After 14-month EE2 therapy, the patient had a regrowth of the liver tumors, and was then treated with AI again. This therapy had continued for 5 months and the disease of liver metastasis was also stable during the therapy. Eight months after the end of letrozole therapy, she eventually died due to breast cancer.
Discussion
We showed a case of late-stage metastatic breast cancer who responded well to the EE2 therapy. Sequential use of endocrine therapies is fundamental of ER-positive advanced breast cancer to extend the duration of disease stabilization without severe adverse events.
In the present case, long SD was found while the patients were treated with LH-RHa and anastrozole as the third-line therapy, but the following endocrine therapy meaning LH-RHa and letrozole or exemestane therapy suppressed disease progression only for the short period. At this point, she was considered to have acquired resistance to AI therapy. It is postulated that extremely low estrogen environment encountered in the presence of AI has enhanced the sensitivity of breast cancer cells to estrogen, leading to proapoptotic effects and beneficial tumor regression [9] Indeed, the response of large liver tumors was prompt and evident after initiation of EE2 therapy, and has been sustained for 14 months in the present case. Our previous observational study about EE2 therapy determined the efficacy and safety of EE2 in 18 breast cancer patients [8]; the response rate was 50 % and the clinical benefit was 56 %. These results compare well with those from the phase 3 randomized clinical trial by comparing fluvestrant and exemestane in patients with disease progression after aromatase inhibitor (clinical benefit rates are 32.2 and 31.5 %, respectively) [3].

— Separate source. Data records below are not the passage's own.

lemma tb_row_dot_perm: "bit_dot (2 * k) (tb_row g1 g2 k l) (tb_row g1 g2 k j \<circ> tb_perm k) = 0"
proof -
  let ?S = "\<Sum>t<k. cyc_coeff g1 k (int t - int l) * cyc_coeff g2 k (- int t - int j)"
  define h where "h z = cyc_coeff g2 k (z - int l) * cyc_coeff g1 k (- z - int j)" for z
  have "bit_dot (2 * k) (tb_row g1 g2 k l) (tb_row g1 g2 k j \<circ> tb_perm k) = ?S + (\<Sum>t<k. h (int t))"
    unfolding bit_dot_def sum_lessThan_double sum.distrib[symmetric] h_def
    by (intro sum.cong refl) (use tb_row_pair tb_row_perm in simp)
  also have "(\<Sum>t<k. h (int t)) = (\<Sum>t<k. h (int l - int j - int t))"
  proof (rule sum_reflect_periodic[symmetric])
    fix z
    have "(z mod int k - int l) mod int k = (z - int l) mod int k"
      and "(- (z mod int k) - int j) mod int k = (- z - int j) mod int k"
      by (simp add: mod_diff_left_eq) (metis mod_diff_left_eq mod_minus_eq)
    then show "h (z mod int k) = h z"
      unfolding h_def by (metis cyc_coeff_cong)
  qed
  also have "\<dots> = ?S"
    by (simp add: h_def mult.commute add.commute)
  also have "?S + ?S = 0"
    by (cases ?S) simp_all
  finally show ?thesis .
qed

theorem proposition2:
  fixes g1 g2 :: "bit poly" and k :: nat
  assumes "k \<ge> max (degree g1) (degree g2) + 1"
    and "card (tb_code g1 g2 k) = 2 ^ k"
  shows "isodual (2 * k) (tb_code g1 g2 k)"
proof (rule isodualI[OF _ _ tb_perm_permutes])
  show "linear_code (2 * k) (tb_code g1 g2 k)"
    unfolding tb_code_def by (rule linear_code_span) (simp add: tb_row_def bvecs_def)
  show "card (tb_code g1 g2 k) * card (tb_code g1 g2 k) = 2 ^ (2 * k)"
    using assms(2) by (simp add: mult_2 power_add)
  show "bit_dot (2 * k) x (c \<circ> tb_perm k) = 0" if "x \<in> tb_code g1 g2 k" "c \<in> tb_code g1 g2 k" for x c
    using that unfolding tb_code_def by (auto intro: bit_dot_span_eq_0 tb_row_dot_perm)
qed

end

The mechanism about how EE2 suppresses tumor growth has been poorly understood. Some previous studies have suggested the involvement of the extrinsic (Fas/FasL) pathway or NF-kappaB-mediated pathway in estrogen-induced apoptosis process [10, 11]. In addition, our recent study showed that EE2 treatment activated ER downstream genes, especially for PgR, but it did not stimulate tumor growth [12]. Stimulation of non-genomic pathway of ER signaling or imbalance of activation may affect the response to EE2 therapy. We need further investigation to examine its function.
There is no consensus about the optimal point to start EE2 treatment. In several clinical trials [7, 8], EE2 treatment was adopted for the postmenopausal women with AI resistance. Further, all the patients had been heavily treated before EE2 therapy in advanced setting. According to these studies, the patients who had experienced long clinical benefit to previous endocrine therapy tended to respond well to the EE2 therapy. The positivity of ER staining prior the EE2 therapy was also considered to be critical. We confirmed the staining of ER expression in the liver tumor by core-needle biopsy. Repeating core biopsy during the treatment course is recommended to obtain some additional information on the choice of targeted therapy [13].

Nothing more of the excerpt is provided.